\[\boxed{\mathbf{1006.}}\]
\[1)\ \left( 1 + tg^{2}\text{\ a} \right)\cos^{2}a - 1 =\]
\[= \left( 1 + \frac{\sin^{2}a}{\cos^{2}a} \right)\cos^{2}a - 1 =\]
\[= \cos^{2}a + \sin^{2}a - 1 =\]
\[= 1 - 1 = 0\]
\[2)\ 1 - \sin^{2}a\left( 1 + ctg^{2}\text{\ a} \right) = 1 -\]
\[- \sin^{2}a\left( 1 + \frac{\cos^{2}a}{\sin^{2}a} \right) = 1 -\]
\[- \sin^{2}a - \cos^{2}a =\]
\[= 1 - \left( \sin^{2}a + \cos^{2}a \right) =\]
\[= 1 - 1 = 0\]
\[3)\ 1 + tg^{2}\ a + \frac{1}{\sin^{2}a} = 1 +\]
\[+ \frac{\sin^{2}a}{\cos^{2}a} + \frac{1}{\sin^{2}a} =\]
\[= \frac{\cos^{2}a + \sin^{2}a}{\cos^{2}a} + \frac{1}{\sin^{2}a} =\]
\[= \frac{1}{\cos^{2}a} + \frac{1}{\sin^{2}a} =\]
\[= \frac{\sin^{2}a + \cos^{2}a}{\cos^{2}a \bullet \sin^{2}a} =\]
\[= \frac{1}{\sin^{2}a \bullet \cos^{2}a}\]
\[4)\ \frac{1 + tg^{2}\text{\ a}}{1 + ctg^{2}\text{\ a}} =\]
\[= \left( 1 + tg^{2}\text{\ a} \right)\ :\left( 1 + \frac{1}{tg^{2}\text{\ a}} \right) =\]

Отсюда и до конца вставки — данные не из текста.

lemma card_twin_cover_myc_ge:
  assumes G: "graph V E" and t: "1 \<le> t" and S: "min_twin_cover V E S" and i: "isolated V E i"
    and D: "twin_cover (myc_V V t) (myc_E V E t) D" "finite D"
  shows "(t + 1) * card S + (t - 1) \<le> card D"
proof -
  define L where "L s = {v \<in> V. Some (v, s) \<in> D}" for s
  obtain s0 where s0: "s0 < t"
    and iso_D: "\<And>s j. s < t \<Longrightarrow> s \<noteq> s0 \<Longrightarrow> isolated V E j \<Longrightarrow> Some (j, s) \<in> D"
    using myc_twin_cover_low_isolated[OF D(1) t] by blast
  have iso_L: "j \<in> L s" if "s < t" "s \<noteq> s0" "isolated V E j" for s j
    using iso_D[OF that] that(3) unfolding L_def isolated_def by blast
  have cover: "twin_cover V E (L s)" if "s \<le> t" for s
    unfolding L_def by (rule twin_cover_myc_layer[OF G D(1) that])
  have fin: "finite (L s)" for s
    using G unfolding L_def graph_def by simp
  have bound: "card S + (if s \<in> {..<t} - {s0} then 1 else 0) \<le> card (L s)" if "s \<le> t" for s
  proof (cases "s \<in> {..<t} - {s0}")
    case True
    then show ?thesis using min_twin_cover_card_less[OF S cover[OF that] fin i] iso_L by simp
  next
    case False
    then show ?thesis using S cover[OF that] unfolding if_not_P[OF False] min_twin_cover_def by simp
  qed
  have "(\<Sum>s\<le>t. if s \<in> {..<t} - {s0} then 1 else 0) = card ({..<t} - {s0})"
    by (simp add: sum.If_cases) (auto intro: arg_cong[where f = card])
  also have "\<dots> = t - 1"
    using s0 by simp
  finally have "(t + 1) * card S + (t - 1) = (\<Sum>s\<le>t. card S + (if s \<in> {..<t} - {s0} then 1 else 0))"
    by (simp add: sum.distrib)
  also have "\<dots> \<le> (\<Sum>s\<le>t. card (L s))"
    by (rule sum_mono) (rule bound, simp)
  also have "\<dots> \<le> card D"
    unfolding L_def by (rule sum_card_layers_le[OF D(2)])
  finally show ?thesis .
qed

lemma det_num_myc:
  assumes G: "graph V E" and t: "1 \<le> t" and ab: "a \<in> V" "b \<in> V" "a \<noteq> b"
    and i: "isolated V E i" and S: "min_twin_cover V E S" "determining_set V E S"
  shows "det_num (myc_V V t) (myc_E V E t) = (t + 1) * card S + (t - 1)"
proof -
  obtain i0 where i0: "isolated V E i0" "i0 \<notin> S"
    using min_twin_cover_misses_isolated[OF G S(1) i] .
  have S_cover: "twin_cover V E S" using S(1) unfolding min_twin_cover_def by blast
  then have "finite S" using G finite_subset unfolding twin_cover_def graph_def by blast
  have fin: "finite (myc_V V t)" using graph_myc[OF G] unfolding graph_def by blast
  have "det_num (myc_V V t) (myc_E V E t) = card (myc_det_set S i0 t)"
  proof (rule det_num_eqI[OF fin determining_set_myc_det_set[OF G t ab S(2) S_cover i0]])
    fix D assume D: "determining_set (myc_V V t) (myc_E V E t) D"
    then have "finite D" using fin finite_subset unfolding determining_set_def by blast
    with D show "card (myc_det_set S i0 t) \<le> card D"
      using card_myc_det_set[OF \<open>finite S\<close> i0(2)] card_twin_cover_myc_ge[OF G t S(1) i]
        determining_set_imp_twin_cover[OF graph_myc[OF G]] by simp
  qed
  then show ?thesis using card_myc_det_set[OF \<open>finite S\<close> i0(2)] by simp
qed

\[= \left( 1 + tg^{2}\text{\ a} \right)\ :\frac{tg^{2}\ a + 1}{tg^{2}\text{\ a}} =\]
\[= \left( 1 + tg^{2}\text{\ a} \right) \bullet \frac{tg^{2}\text{\ a}}{1 + tg^{2}\text{\ a}} =\]
\[= tg^{2}\text{\ a}\]